Provided records section start

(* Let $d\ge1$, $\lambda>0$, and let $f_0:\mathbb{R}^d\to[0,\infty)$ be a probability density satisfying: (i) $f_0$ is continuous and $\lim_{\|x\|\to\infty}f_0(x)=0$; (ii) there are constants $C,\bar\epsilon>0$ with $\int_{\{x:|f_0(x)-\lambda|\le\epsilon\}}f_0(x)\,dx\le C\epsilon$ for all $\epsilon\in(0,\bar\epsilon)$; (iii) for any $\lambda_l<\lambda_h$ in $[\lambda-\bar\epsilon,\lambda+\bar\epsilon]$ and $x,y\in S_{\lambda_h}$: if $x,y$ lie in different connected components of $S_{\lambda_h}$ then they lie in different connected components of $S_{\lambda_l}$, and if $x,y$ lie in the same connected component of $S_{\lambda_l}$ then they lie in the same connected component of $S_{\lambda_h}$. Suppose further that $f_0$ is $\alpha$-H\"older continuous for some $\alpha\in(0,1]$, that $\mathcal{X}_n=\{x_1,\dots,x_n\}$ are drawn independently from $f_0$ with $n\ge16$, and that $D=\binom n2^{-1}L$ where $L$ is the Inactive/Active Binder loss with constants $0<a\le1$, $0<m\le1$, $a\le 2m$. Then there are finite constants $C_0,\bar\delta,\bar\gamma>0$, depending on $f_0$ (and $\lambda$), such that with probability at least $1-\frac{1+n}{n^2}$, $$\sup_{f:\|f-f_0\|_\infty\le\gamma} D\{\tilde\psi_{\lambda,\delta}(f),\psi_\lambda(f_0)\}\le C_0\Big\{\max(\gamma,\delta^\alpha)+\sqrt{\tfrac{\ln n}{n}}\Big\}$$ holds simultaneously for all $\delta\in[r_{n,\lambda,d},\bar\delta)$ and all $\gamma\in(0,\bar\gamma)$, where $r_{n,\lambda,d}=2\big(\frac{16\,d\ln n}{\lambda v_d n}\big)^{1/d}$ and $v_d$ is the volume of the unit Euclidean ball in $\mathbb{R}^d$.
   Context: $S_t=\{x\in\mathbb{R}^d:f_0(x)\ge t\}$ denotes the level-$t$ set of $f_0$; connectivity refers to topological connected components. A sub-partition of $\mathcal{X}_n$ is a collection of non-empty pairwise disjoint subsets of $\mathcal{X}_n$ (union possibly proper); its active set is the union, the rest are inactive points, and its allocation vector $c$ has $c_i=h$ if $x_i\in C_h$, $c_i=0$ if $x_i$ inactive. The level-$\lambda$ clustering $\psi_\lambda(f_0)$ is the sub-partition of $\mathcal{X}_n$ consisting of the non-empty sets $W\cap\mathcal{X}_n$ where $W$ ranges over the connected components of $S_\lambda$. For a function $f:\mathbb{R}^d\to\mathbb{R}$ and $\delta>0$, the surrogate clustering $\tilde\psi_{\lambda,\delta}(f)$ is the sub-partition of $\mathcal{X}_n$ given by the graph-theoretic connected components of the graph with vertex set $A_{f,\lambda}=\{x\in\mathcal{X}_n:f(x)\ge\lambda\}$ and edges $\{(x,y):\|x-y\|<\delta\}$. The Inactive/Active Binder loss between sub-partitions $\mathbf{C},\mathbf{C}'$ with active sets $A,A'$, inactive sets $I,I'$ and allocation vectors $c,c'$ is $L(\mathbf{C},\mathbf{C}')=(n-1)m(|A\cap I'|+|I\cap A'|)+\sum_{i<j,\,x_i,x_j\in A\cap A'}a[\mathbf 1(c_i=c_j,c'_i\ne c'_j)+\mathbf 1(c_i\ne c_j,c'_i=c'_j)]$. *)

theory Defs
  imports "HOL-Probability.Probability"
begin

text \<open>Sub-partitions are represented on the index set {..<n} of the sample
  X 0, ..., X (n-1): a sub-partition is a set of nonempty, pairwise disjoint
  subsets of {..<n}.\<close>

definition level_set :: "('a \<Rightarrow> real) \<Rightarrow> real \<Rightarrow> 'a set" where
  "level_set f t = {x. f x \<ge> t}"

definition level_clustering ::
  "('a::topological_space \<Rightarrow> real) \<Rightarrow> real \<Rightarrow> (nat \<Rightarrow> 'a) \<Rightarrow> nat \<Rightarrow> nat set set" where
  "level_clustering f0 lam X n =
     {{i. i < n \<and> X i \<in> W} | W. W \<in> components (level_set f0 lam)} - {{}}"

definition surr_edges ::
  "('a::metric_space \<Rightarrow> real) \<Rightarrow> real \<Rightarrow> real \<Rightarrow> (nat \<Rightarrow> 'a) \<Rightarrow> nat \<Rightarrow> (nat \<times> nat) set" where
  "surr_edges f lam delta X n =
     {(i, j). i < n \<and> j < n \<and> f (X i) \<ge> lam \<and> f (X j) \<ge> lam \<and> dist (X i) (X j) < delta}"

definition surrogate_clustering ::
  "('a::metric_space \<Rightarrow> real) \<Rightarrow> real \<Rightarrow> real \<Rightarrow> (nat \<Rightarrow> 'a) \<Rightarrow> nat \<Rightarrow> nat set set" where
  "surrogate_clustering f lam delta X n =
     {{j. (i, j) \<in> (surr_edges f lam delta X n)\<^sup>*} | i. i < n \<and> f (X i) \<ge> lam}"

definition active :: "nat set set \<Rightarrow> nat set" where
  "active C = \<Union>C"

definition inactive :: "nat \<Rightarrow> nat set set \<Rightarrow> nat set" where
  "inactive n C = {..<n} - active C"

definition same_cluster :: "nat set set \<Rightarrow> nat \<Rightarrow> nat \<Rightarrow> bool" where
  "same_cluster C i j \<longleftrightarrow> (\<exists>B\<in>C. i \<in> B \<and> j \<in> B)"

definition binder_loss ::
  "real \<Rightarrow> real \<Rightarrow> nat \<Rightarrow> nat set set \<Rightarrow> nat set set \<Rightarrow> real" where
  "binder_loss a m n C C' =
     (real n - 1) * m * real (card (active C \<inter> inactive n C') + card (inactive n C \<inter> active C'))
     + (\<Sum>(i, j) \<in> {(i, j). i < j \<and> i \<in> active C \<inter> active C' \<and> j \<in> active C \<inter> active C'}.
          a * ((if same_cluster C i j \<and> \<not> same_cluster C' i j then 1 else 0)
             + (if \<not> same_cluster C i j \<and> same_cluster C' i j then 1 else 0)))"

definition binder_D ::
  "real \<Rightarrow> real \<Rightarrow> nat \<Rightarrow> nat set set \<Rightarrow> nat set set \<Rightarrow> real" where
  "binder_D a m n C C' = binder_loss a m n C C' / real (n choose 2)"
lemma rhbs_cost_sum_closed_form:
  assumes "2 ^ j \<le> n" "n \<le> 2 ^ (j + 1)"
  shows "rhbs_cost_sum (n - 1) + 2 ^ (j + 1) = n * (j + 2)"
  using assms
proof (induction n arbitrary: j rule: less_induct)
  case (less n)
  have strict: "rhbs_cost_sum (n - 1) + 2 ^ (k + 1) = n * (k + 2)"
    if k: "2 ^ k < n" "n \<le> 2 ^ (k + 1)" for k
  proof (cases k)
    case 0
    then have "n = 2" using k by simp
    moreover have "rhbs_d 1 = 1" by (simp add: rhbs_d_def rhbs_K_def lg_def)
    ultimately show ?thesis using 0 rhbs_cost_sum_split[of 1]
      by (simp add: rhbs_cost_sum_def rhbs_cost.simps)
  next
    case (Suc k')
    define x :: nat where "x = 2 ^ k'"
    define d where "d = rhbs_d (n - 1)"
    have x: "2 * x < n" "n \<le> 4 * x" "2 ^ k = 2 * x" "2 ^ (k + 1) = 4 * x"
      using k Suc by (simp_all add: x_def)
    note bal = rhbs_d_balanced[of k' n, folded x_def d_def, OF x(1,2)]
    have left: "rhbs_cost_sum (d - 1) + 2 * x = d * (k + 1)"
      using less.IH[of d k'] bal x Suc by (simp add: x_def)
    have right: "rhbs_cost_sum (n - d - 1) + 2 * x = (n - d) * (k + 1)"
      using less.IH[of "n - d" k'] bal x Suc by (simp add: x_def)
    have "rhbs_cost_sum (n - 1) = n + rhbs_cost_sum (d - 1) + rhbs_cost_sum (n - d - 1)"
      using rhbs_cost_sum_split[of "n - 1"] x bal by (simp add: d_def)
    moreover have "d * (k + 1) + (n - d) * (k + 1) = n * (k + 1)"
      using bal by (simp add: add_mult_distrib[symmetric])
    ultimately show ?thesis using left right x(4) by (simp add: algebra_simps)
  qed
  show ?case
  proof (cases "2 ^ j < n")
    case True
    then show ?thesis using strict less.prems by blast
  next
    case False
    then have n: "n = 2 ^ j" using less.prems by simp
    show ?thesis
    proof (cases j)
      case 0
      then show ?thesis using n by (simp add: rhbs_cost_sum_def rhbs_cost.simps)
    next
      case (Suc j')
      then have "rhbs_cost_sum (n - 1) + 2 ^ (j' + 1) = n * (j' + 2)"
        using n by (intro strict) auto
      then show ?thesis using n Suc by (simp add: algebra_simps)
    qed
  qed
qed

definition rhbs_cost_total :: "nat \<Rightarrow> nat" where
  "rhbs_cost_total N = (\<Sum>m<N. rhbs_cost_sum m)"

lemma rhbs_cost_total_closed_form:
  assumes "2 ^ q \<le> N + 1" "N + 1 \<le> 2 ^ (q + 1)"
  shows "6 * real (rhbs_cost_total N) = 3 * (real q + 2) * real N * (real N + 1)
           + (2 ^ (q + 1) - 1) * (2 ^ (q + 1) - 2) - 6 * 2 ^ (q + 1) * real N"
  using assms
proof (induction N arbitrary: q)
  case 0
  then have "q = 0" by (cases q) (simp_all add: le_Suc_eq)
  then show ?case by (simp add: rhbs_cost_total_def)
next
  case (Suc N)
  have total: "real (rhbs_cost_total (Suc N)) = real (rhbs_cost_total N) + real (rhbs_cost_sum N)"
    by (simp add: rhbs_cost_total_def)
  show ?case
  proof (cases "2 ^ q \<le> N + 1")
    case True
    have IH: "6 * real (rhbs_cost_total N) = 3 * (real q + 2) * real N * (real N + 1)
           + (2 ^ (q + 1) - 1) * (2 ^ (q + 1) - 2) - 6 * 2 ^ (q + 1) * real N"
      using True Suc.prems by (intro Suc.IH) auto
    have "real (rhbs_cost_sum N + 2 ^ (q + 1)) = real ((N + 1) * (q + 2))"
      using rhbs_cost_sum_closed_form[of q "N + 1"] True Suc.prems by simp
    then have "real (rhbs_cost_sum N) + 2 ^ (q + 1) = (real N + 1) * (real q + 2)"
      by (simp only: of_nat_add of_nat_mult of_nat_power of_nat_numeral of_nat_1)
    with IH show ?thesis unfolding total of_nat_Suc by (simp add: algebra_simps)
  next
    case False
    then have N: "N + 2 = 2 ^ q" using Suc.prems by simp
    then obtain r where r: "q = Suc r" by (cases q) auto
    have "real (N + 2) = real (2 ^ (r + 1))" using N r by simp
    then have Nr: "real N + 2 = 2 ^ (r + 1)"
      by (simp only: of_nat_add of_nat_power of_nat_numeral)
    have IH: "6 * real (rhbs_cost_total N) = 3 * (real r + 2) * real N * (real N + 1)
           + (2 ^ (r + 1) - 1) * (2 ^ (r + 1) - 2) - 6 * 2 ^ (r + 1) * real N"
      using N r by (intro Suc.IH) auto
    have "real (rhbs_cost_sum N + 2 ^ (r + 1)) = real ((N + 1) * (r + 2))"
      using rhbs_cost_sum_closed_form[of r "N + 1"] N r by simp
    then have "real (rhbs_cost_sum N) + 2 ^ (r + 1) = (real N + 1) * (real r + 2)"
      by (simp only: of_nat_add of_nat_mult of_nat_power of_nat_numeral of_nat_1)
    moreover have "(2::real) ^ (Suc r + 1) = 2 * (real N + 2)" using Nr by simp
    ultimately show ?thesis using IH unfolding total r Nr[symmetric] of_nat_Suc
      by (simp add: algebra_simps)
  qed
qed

Provided records section end

▸ Exercise description: If a line in the data above holds the string "auto", copy it.

▸ Answer area:
        using n by (intro strict) auto
      using True Suc.prems by (intro Suc.IH) auto
    then obtain r where r: "q = Suc r" by (cases q) auto
      using N r by (intro Suc.IH) auto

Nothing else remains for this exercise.